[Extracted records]
══════

(* Let $f^*$ be any maximum flow in $\mathcal{H}$. Let $V_1\subseteq V$ be nonempty with $\rho_h(V_1)=\rho_h^*$, and let $\Lambda_1=\{\lambda\in\Lambda:\lambda\subseteq V_1\}$. Then for every non-trivial component $C$ of $\mathcal{H}_{f^*}$, either $C\subseteq V_1\cup\Lambda_1$ or $C\cap(V_1\cup\Lambda_1)=\emptyset$.
   Context: Let $G=(V,E)$ be a finite simple undirected graph and $h\ge2$. An $h$-clique is a set of $h$ pairwise adjacent nodes; $\mu_h(G[W])$ counts $h$-cliques inside $W$; for nonempty $W$, $\rho_h(W)=\mu_h(G[W])/|W|$; $\rho_h^*=\max_{\emptyset\ne W\subseteq V}\rho_h(W)$; $deg_G(v,h)$ is the number of $h$-cliques containing $v$; $\Lambda$ is the set of $(h-1)$-cliques of $G$ contained in some $h$-clique. Flow network $\mathcal{H}=(V_\mathcal{H},E_\mathcal{H},c)$: $V_\mathcal{H}=V\cup\Lambda\cup\{s,t\}$; for $v\in V$: arcs $(s,v)$ cap. $deg_G(v,h)$, $(v,t)$ cap. $h\rho_h^*$, $(v,s),(t,v)$ cap. $0$; for $\lambda\in\Lambda$, $v\in\lambda$: $(\lambda,v)$ cap. $+\infty$, $(v,\lambda)$ cap. $0$; for $\lambda\in\Lambda$, $v\in V$ with $\lambda\cup\{v\}$ an $h$-clique: $(v,\lambda)$ cap. $1$, $(\lambda,v)$ cap. $0$; no other arcs. A flow $f$ satisfies $f(u,v)\le c(u,v)$, $f(v,u)=-f(u,v)$, conservation at nodes other than $s,t$; value $\sum_v f(s,v)$. The residual graph $\mathcal{H}_{f}$ has an arc $(u,v)$ whenever $(u,v)\in E_\mathcal{H}$ and $c(u,v)-f(u,v)>0$. A non-trivial component is a strongly connected component of $\mathcal{H}_{f^*}$ containing neither $s$ nor $t$. *)

theory Defs
  imports Complex_Main "HOL-Library.Extended_Real"
begin

(* Simple undirected graph G = (V,E): V finite vertex set, E a set of 2-element subsets of V. *)

definition is_clique :: "'a set set \<Rightarrow> 'a set \<Rightarrow> bool" where
  "is_clique E K \<longleftrightarrow> (\<forall>u\<in>K. \<forall>v\<in>K. u \<noteq> v \<longrightarrow> {u, v} \<in> E)"

definition hcliques :: "'a set \<Rightarrow> 'a set set \<Rightarrow> nat \<Rightarrow> 'a set set" where
  "hcliques V E h = {K. K \<subseteq> V \<and> card K = h \<and> is_clique E K}"

definition mu :: "'a set \<Rightarrow> 'a set set \<Rightarrow> nat \<Rightarrow> 'a set \<Rightarrow> nat" where
  "mu V E h W = card {K \<in> hcliques V E h. K \<subseteq> W}"

definition rho :: "'a set \<Rightarrow> 'a set set \<Rightarrow> nat \<Rightarrow> 'a set \<Rightarrow> real" where
  "rho V E h W = real (mu V E h W) / real (card W)"

definition rho_star :: "'a set \<Rightarrow> 'a set set \<Rightarrow> nat \<Rightarrow> real" where
  "rho_star V E h = Max {rho V E h W | W. W \<subseteq> V \<and> W \<noteq> {}}"

definition cdeg :: "'a set \<Rightarrow> 'a set set \<Rightarrow> nat \<Rightarrow> 'a \<Rightarrow> nat" where
  "cdeg V E h v = card {K \<in> hcliques V E h. v \<in> K}"

definition Lam :: "'a set \<Rightarrow> 'a set set \<Rightarrow> nat \<Rightarrow> 'a set set" where
  "Lam V E h = {l \<in> hcliques V E (h - 1). \<exists>K \<in> hcliques V E h. l \<subseteq> K}"

datatype 'a hnode = Src | Snk | VN 'a | LN "'a set"

definition nodesH :: "'a set \<Rightarrow> 'a set set \<Rightarrow> nat \<Rightarrow> 'a hnode set" where
  "nodesH V E h = {Src, Snk} \<union> VN ` V \<union> LN ` Lam V E h"

(* the arc set E_H (including the zero-capacity reverse arcs) *)
fun arcH :: "'a set \<Rightarrow> 'a set set \<Rightarrow> nat \<Rightarrow> 'a hnode \<Rightarrow> 'a hnode \<Rightarrow> bool" where
  "arcH V E h Src (VN v) = (v \<in> V)"
| "arcH V E h (VN v) Src = (v \<in> V)"
| "arcH V E h (VN v) Snk = (v \<in> V)"
| "arcH V E h Snk (VN v) = (v \<in> V)"
| "arcH V E h (LN l) (VN v) =
     (l \<in> Lam V E h \<and> v \<in> V \<and> (v \<in> l \<or> insert v l \<in> hcliques V E h))"
| "arcH V E h (VN v) (LN l) =
     (l \<in> Lam V E h \<and> v \<in> V \<and> (v \<in> l \<or> insert v l \<in> hcliques V E h))"
| "arcH V E h _ _ = False"

fun capH :: "'a set \<Rightarrow> 'a set set \<Rightarrow> nat \<Rightarrow> 'a hnode \<Rightarrow> 'a hnode \<Rightarrow> ereal" where
  "capH V E h Src (VN v) = (if v \<in> V then ereal (real (cdeg V E h v)) else 0)"
| "capH V E h (VN v) Snk = (if v \<in> V then ereal (real h * rho_star V E h) else 0)"
| "capH V E h (LN l) (VN v) = (if l \<in> Lam V E h \<and> v \<in> l then \<infinity> else 0)"
| "capH V E h (VN v) (LN l) =
     (if l \<in> Lam V E h \<and> v \<in> V \<and> insert v l \<in> hcliques V E h then 1 else 0)"
| "capH V E h _ _ = 0"

definition is_flowH :: "'a set \<Rightarrow> 'a set set \<Rightarrow> nat \<Rightarrow> ('a hnode \<Rightarrow> 'a hnode \<Rightarrow> real) \<Rightarrow> bool" where
  "is_flowH V E h f \<longleftrightarrow>
     (\<forall>u\<in>nodesH V E h. \<forall>v\<in>nodesH V E h.
        ereal (f u v) \<le> capH V E h u v \<and> f v u = - f u v) \<and>
     (\<forall>x\<in>nodesH V E h - {Src, Snk}. (\<Sum>y\<in>nodesH V E h. f x y) = 0)"

definition flow_value :: "'a set \<Rightarrow> 'a set set \<Rightarrow> nat \<Rightarrow> ('a hnode \<Rightarrow> 'a hnode \<Rightarrow> real) \<Rightarrow> real" where
  "flow_value V E h f = (\<Sum>v\<in>nodesH V E h. f Src v)"

definition is_max_flowH :: "'a set \<Rightarrow> 'a set set \<Rightarrow> nat \<Rightarrow> ('a hnode \<Rightarrow> 'a hnode \<Rightarrow> real) \<Rightarrow> bool" where
  "is_max_flowH V E h f \<longleftrightarrow> is_flowH V E h f \<and>
     (\<forall>g. is_flowH V E h g \<longrightarrow> flow_value V E h g \<le> flow_value V E h f)"

definition residH :: "'a set \<Rightarrow> 'a set set \<Rightarrow> nat \<Rightarrow> ('a hnode \<Rightarrow> 'a hnode \<Rightarrow> real) \<Rightarrow> ('a hnode \<times> 'a hnode) set" where
  "residH V E h f = {(u, v). arcH V E h u v \<and> ereal (f u v) < capH V E h u v}"

definition is_sccH :: "'a set \<Rightarrow> 'a set set \<Rightarrow> nat \<Rightarrow> ('a hnode \<Rightarrow> 'a hnode \<Rightarrow> real) \<Rightarrow> 'a hnode set \<Rightarrow> bool" where
  "is_sccH V E h f C \<longleftrightarrow> (\<exists>x\<in>nodesH V E h.
     C = {y \<in> nodesH V E h. (x, y) \<in> (residH V E h f)\<^sup>* \<and> (y, x) \<in> (residH V E h f)\<^sup>*})"

end

theory Submission
  imports Defs
begin

text \<open>Let R be the set of nodes reachable from the source in the residual graph of the maximum
  flow. No residual arc leaves R, so R is a minimum cut and its capacity is the flow value. Any cut
  {Src} \<union> A \<union> L with L closed under the infinite arcs (every l in L lies in A) has capacity at least
  h times the number of h-cliques: each clique not inside A contributes h cut arcs, and the arcs into
  the sink contribute h rho* |A| \<ge> h mu(A). For the cut S = {Src} \<union> V1 \<union> Lambda1 of a densest set both
  estimates are equalities, so S is a minimum cut too. Hence the maximum flow saturates every arc
  leaving S, no residual arc leaves S, and a strongly connected component meeting S lies inside S.\<close>

section \<open>Flows, cuts and residual graphs\<close>

lemma finite_hcliques: "finite V \<Longrightarrow> finite (hcliques V E h)"
  by (rule finite_subset[of _ "Pow V"]) (auto simp: hcliques_def)

lemma Lam_subset: "l \<in> Lam V E h \<Longrightarrow> l \<subseteq> V"
  by (auto simp: Lam_def hcliques_def)

lemma finite_Lam: "finite V \<Longrightarrow> finite (Lam V E h)"
  by (rule finite_subset[of _ "Pow V"]) (auto dest: Lam_subset)

lemma finite_nodesH: "finite V \<Longrightarrow> finite (nodesH V E h)"
  by (simp add: nodesH_def finite_Lam)

lemma arcH_commute: "arcH V E h u v = arcH V E h v u"
  by (cases u; cases v) auto

lemma capH_eq_0_if_not_arcH:
  "u \<in> nodesH V E h \<Longrightarrow> v \<in> nodesH V E h \<Longrightarrow> \<not> arcH V E h u v \<Longrightarrow> capH V E h u v = 0"
  by (cases u; cases v) (auto simp: nodesH_def dest: Lam_subset)

lemma residH_subset_nodesH: "residH V E h f \<subseteq> nodesH V E h \<times> nodesH V E h"
proof
  fix p assume "p \<in> residH V E h f"
  then show "p \<in> nodesH V E h \<times> nodesH V E h"
    by (cases p, rename_tac u v, case_tac u; case_tac v) (auto simp: residH_def nodesH_def)
qed

lemma is_flowH_capacity:
  "is_flowH V E h f \<Longrightarrow> u \<in> nodesH V E h \<Longrightarrow> v \<in> nodesH V E h \<Longrightarrow> ereal (f u v) \<le> capH V E h u v"
  unfolding is_flowH_def by blast

lemma is_flowH_skew:
  "is_flowH V E h f \<Longrightarrow> u \<in> nodesH V E h \<Longrightarrow> v \<in> nodesH V E h \<Longrightarrow> f v u = - f u v"
  unfolding is_flowH_def by blast

lemma is_flowH_conservation:
  "is_flowH V E h f \<Longrightarrow> x \<in> nodesH V E h - {Src, Snk} \<Longrightarrow> (\<Sum>y\<in>nodesH V E h. f x y) = 0"
  unfolding is_flowH_def by blast

lemma saturated_if_not_residH:
  assumes fl: "is_flowH V E h f" and u: "u \<in> nodesH V E h" and v: "v \<in> nodesH V E h"
    and not_res: "(u, v) \<notin> residH V E h f"
  shows "ereal (f u v) = capH V E h u v"
proof (cases "arcH V E h u v")
  case True
  with not_res is_flowH_capacity[OF fl u v] show ?thesis
    by (simp add: residH_def)
next
  case False
  then have "capH V E h u v = 0" "capH V E h v u = 0"
    using capH_eq_0_if_not_arcH[OF u v] capH_eq_0_if_not_arcH[OF v u] by (auto simp: arcH_commute)
  moreover have "f v u = - f u v" using is_flowH_skew[OF fl u v] .
  ultimately show ?thesis
    using is_flowH_capacity[OF fl u v] is_flowH_capacity[OF fl v u] by (simp add: zero_ereal_def)
qed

══════

# [WHAT THE TASK REQUIRES]
Return, in full, every line of these entries that holds "cases".

# [WRITTEN RESPONSE]
  by (cases u; cases v) auto
  by (cases u; cases v) (auto simp: nodesH_def dest: Lam_subset)
    by (cases p, rename_tac u v, case_tac u; case_tac v) (auto simp: residH_def nodesH_def)
proof (cases "arcH V E h u v")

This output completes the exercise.